(Stored data entries)
☆ ☆ ☆ ☆

subsection \<open>The contraction \<open>\<Lambda>\<close> in coordinates\<close>

lemma Lam_eq: "Lam n a S = (\<Sum>i\<in>{1..n}. if pair i \<inter> S = {} then a (S \<union> pair i) else 0)"
  unfolding Lam_def
proof (rule sum.cong)
  fix i assume i: "i \<in> {1..n}"
  show "iota (2*i) (iota (2*i - 1) a) S = (if pair i \<inter> S = {} then a (S \<union> pair i) else 0)"
  proof (cases "pair i \<inter> S = {}")
    case True
    have "s < 2*i - 1" if "s \<in> S" "s < 2*i" for s
      using that i True by (cases "s = 2*i - 1") (auto simp: pair_def)
    then have below: "{s \<in> insert (2*i) S. s < 2*i - 1} = {s \<in> S. s < 2*i - 1}"
                     "{s \<in> S. s < 2*i} = {s \<in> S. s < 2*i - 1}"
      by auto
    have "insert (2*i - 1) (insert (2*i) S) = S \<union> pair i"
      by (auto simp: pair_def)
    moreover have "(-1::real) ^ card {s \<in> S. s < 2*i - 1} * (-1) ^ card {s \<in> S. s < 2*i - 1} = 1"
      by (simp add: power_add[symmetric])
    ultimately show ?thesis
      using True i unfolding iota_def below by (auto simp: pair_def)
  next
    case False
    then show ?thesis using i by (auto simp: iota_def pair_def)
  qed
qed simp

lemma Lam_add: "Lam n (mv_add x y) = mv_add (Lam n x) (Lam n y)"
  by (simp add: fun_eq_iff Lam_eq mv_add_def sum.distrib[symmetric] if_distrib cong: if_cong)

lemma Lam_scale: "Lam n (mv_scale r x) = mv_scale r (Lam n x)"
  by (simp add: fun_eq_iff Lam_eq mv_scale_def sum_distrib_left if_distrib cong: if_cong)

lemma Lam_avoids12:
  assumes "avoids12 x"
  shows "Lam n x S = (\<Sum>i\<in>{2..n}. if pair i \<inter> S = {} then x (S \<union> pair i) else 0)"
proof (cases "n = 0")
  case True
  then show ?thesis by (simp add: Lam_eq)
next
  case False
  then have "{1..n} = insert 1 {2..n}" by auto
  moreover have "x (S \<union> pair 1) = 0"
    using assms unfolding avoids12_def pair_def by auto
  ultimately show ?thesis by (simp add: Lam_eq)
qed

subsection \<open>The operator \<open>L\<close> of the symplectic form on \<open>span {e3, ..., e2n}\<close>\<close>

definition Ltail :: "nat \<Rightarrow> mvec \<Rightarrow> mvec" where
  "Ltail n c = (\<lambda>U. \<Sum>j\<in>{2..n}. if pair j \<subseteq> U then c (U - pair j) else 0)"

lemma wedge_omega_tail:
  assumes "homog n d c"
  shows "wedge (\<lambda>S. \<Sum>j\<in>{2..n}. ebasis {2*j - 1, 2*j} S) c = Ltail n c"
  unfolding pair_def[symmetric] wedge_sum_left Ltail_def
proof (intro ext sum.cong)
  fix U j assume j: "j \<in> {2..n}"
  show "wedge (ebasis (pair j)) c U = (if pair j \<subseteq> U then c (U - pair j) else 0)"
  proof (cases "finite U")
    case True
    then show ?thesis using j by (simp add: wedge_ebasis_pair)
  next
    case False
    then have "infinite (U - pair j)"
      by (simp add: pair_def)
    then have "c (U - pair j) = 0"
      using homog_nonzeroD[OF assms] by blast
    with False show ?thesis by (simp add: wedge_ebasis_left)
  qed
qed simp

☆ ☆ ☆ ☆

• _Task item_: Starting at the line that contains "(ebasis (pair j))", print every line through the last one of the records, exactly and with nothing else.

• _Solution_:
  show "wedge (ebasis (pair j)) c U = (if pair j \<subseteq> U then c (U - pair j) else 0)"
  proof (cases "finite U")
    case True
    then show ?thesis using j by (simp add: wedge_ebasis_pair)
  next
    case False
    then have "infinite (U - pair j)"
      by (simp add: pair_def)
    then have "c (U - pair j) = 0"
      using homog_nonzeroD[OF assms] by blast
    with False show ?thesis by (simp add: wedge_ebasis_left)
  qed
qed simp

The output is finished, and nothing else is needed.